> _PROMPT_: Look through the data for the string "unfolding". Copy every line where it is found.

> _DATA FOR THE TASK_:
---------------

lemma shrink_iter_bounds:
  assumes "0 < h" "0 < \<beta>" "\<beta> \<le> 1" "0 < t" "t \<le> 1"
  shows "0 < (shrink h \<beta> ^^ k) t \<and> (shrink h \<beta> ^^ k) t \<le> t"
proof (induction k)
  case (Suc k)
  then have "0 < shrink h \<beta> ((shrink h \<beta> ^^ k) t)" "shrink h \<beta> ((shrink h \<beta> ^^ k) t) \<le> (shrink h \<beta> ^^ k) t / 3"
    using assms shrink_pos shrink_le_third by auto
  with Suc show ?case by simp
qed (use assms in simp)

lemma shrink_iter_antimono:
  assumes "0 < h" "0 < \<beta>" "\<beta> \<le> 1" "0 < t" "t \<le> 1" "k \<le> l"
  shows "(shrink h \<beta> ^^ l) t \<le> (shrink h \<beta> ^^ k) t"
proof -
  have "0 < (shrink h \<beta> ^^ k) t" "(shrink h \<beta> ^^ k) t \<le> 1"
    using shrink_iter_bounds[OF assms(1-5)] \<open>t \<le> 1\<close> by (auto intro: order_trans)
  then have "(shrink h \<beta> ^^ (l - k)) ((shrink h \<beta> ^^ k) t) \<le> (shrink h \<beta> ^^ k) t"
    using shrink_iter_bounds[OF assms(1-3)] by blast
  then show ?thesis
    using \<open>k \<le> l\<close> by (simp flip: funpow_add[unfolded comp_def, THEN fun_cong])
qed

context goodness_bounds
begin

lemma bad_moments_le_Suc_shrink:
  assumes "0 < h" "\<beta> \<le> 1" "0 < t" "t \<le> 1" "\<alpha> \<le> shrink h \<beta> t"
    and "bad_moments_le i (shrink h \<beta> t)"
  shows "bad_moments_le (Suc i) t"
proof -
  have "0 < shrink h \<beta> t"
    using assms \<beta>_pos by (simp add: shrink_pos)
  then have bound: "bad_moments_le (Suc i) (\<alpha> + t / 3 + h * (shrink h \<beta> t / (\<beta> * (t / 3) ^ h)))"
    using assms by (intro bad_moments_le_Suc) auto
  have third: "h * (shrink h \<beta> t / (\<beta> * (t / 3) ^ h)) = t / 3"
    using assms \<beta>_pos by (simp add: shrink_def)
  have "\<alpha> \<le> t / 3"
    using assms \<beta>_pos shrink_le_third[of h \<beta> t] by linarith
  then have "\<alpha> + t / 3 + h * (shrink h \<beta> t / (\<beta> * (t / 3) ^ h)) \<le> t"
    unfolding third by linarith
  with bound show ?thesis
    by (rule bad_moments_le_mono)
qed

lemma bad_moments_le_shrink_iter:
  assumes "0 < h" "\<beta> \<le> 1" "\<alpha> \<le> (shrink h \<beta> ^^ h) \<beta>" "i \<le> h"
  shows "bad_moments_le i ((shrink h \<beta> ^^ (h - i)) \<beta>)"
  using \<open>i \<le> h\<close>
proof (induction i)
  case 0
  then show ?case
    using bad_moments_le_0 assms(3) by (auto elim: bad_moments_le_mono)
next
  case (Suc i)
  define t where "t = (shrink h \<beta> ^^ (h - Suc i)) \<beta>"
  have t: "0 < t" "t \<le> 1"
    using shrink_iter_bounds[OF \<open>0 < h\<close> \<beta>_pos \<open>\<beta> \<le> 1\<close> \<beta>_pos \<open>\<beta> \<le> 1\<close>] \<open>\<beta> \<le> 1\<close>
    unfolding t_def by (auto intro: order_trans)
  have "h - i = Suc (h - Suc i)"
    using Suc.prems by simp
  then have shrink_t: "shrink h \<beta> t = (shrink h \<beta> ^^ (h - i)) \<beta>"
    by (simp add: t_def)
  have "\<alpha> \<le> shrink h \<beta> t"
    using assms(3) shrink_iter_antimono[OF \<open>0 < h\<close> \<beta>_pos \<open>\<beta> \<le> 1\<close> \<beta>_pos \<open>\<beta> \<le> 1\<close>, of "h - i" h]
    unfolding shrink_t by linarith
  moreover have "bad_moments_le i (shrink h \<beta> t)"
    using Suc by (simp add: shrink_t)
  ultimately show ?case
    unfolding t_def[symmetric] using assms(1,2) t by (intro bad_moments_le_Suc_shrink)
qed

lemma sum_good_seqs_ge:
  assumes "bad_moments_le i \<beta>" "1 \<le> j" "j \<le> h"
  shows "(1 - \<beta>) * n ^ (j + 1) * p ^ j \<le> (\<Sum>S\<in>good_seqs \<alpha> \<beta> h V E i j. real (card (nbhd V E S)))"
proof -
  have split: "seqs V j = good_seqs \<alpha> \<beta> h V E i j \<union> bad_seqs i j"
    by (auto simp: good_seqs_def bad_seqs_def seqs_def)
  have "finite (seqs V j)"
    by (rule finite_seqs[OF finite_V])
  then have "(\<Sum>S\<in>seqs V j. real (card (nbhd V E S)))
      = (\<Sum>S\<in>good_seqs \<alpha> \<beta> h V E i j. real (card (nbhd V E S))) + bad_moment i j 1"
    unfolding split bad_moment_def
    by (subst sum.union_disjoint) (auto simp: good_seqs_def bad_seqs_def)
  moreover have "bad_moment i j 1 \<le> \<beta> * n ^ (j + 1) * p ^ (j * 1)"
    using assms unfolding bad_moments_le_def by blast
  moreover have "n ^ (j + 1) * p ^ j \<le> (\<Sum>S\<in>seqs V j. real (card (nbhd V E S)))"
    by (rule sum_card_nbhd_ge[OF graph \<open>1 \<le> j\<close>])
  ultimately show ?thesis
    by (simp add: algebra_simps)
qed

end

---------------

> _PROBLEM SOLUTION_:
    unfolding third by linarith
    unfolding t_def by (auto intro: order_trans)
    unfolding shrink_t by linarith
    unfolding t_def[symmetric] using assms(1,2) t by (intro bad_moments_le_Suc_shrink)
    unfolding split bad_moment_def
    using assms unfolding bad_moments_le_def by blast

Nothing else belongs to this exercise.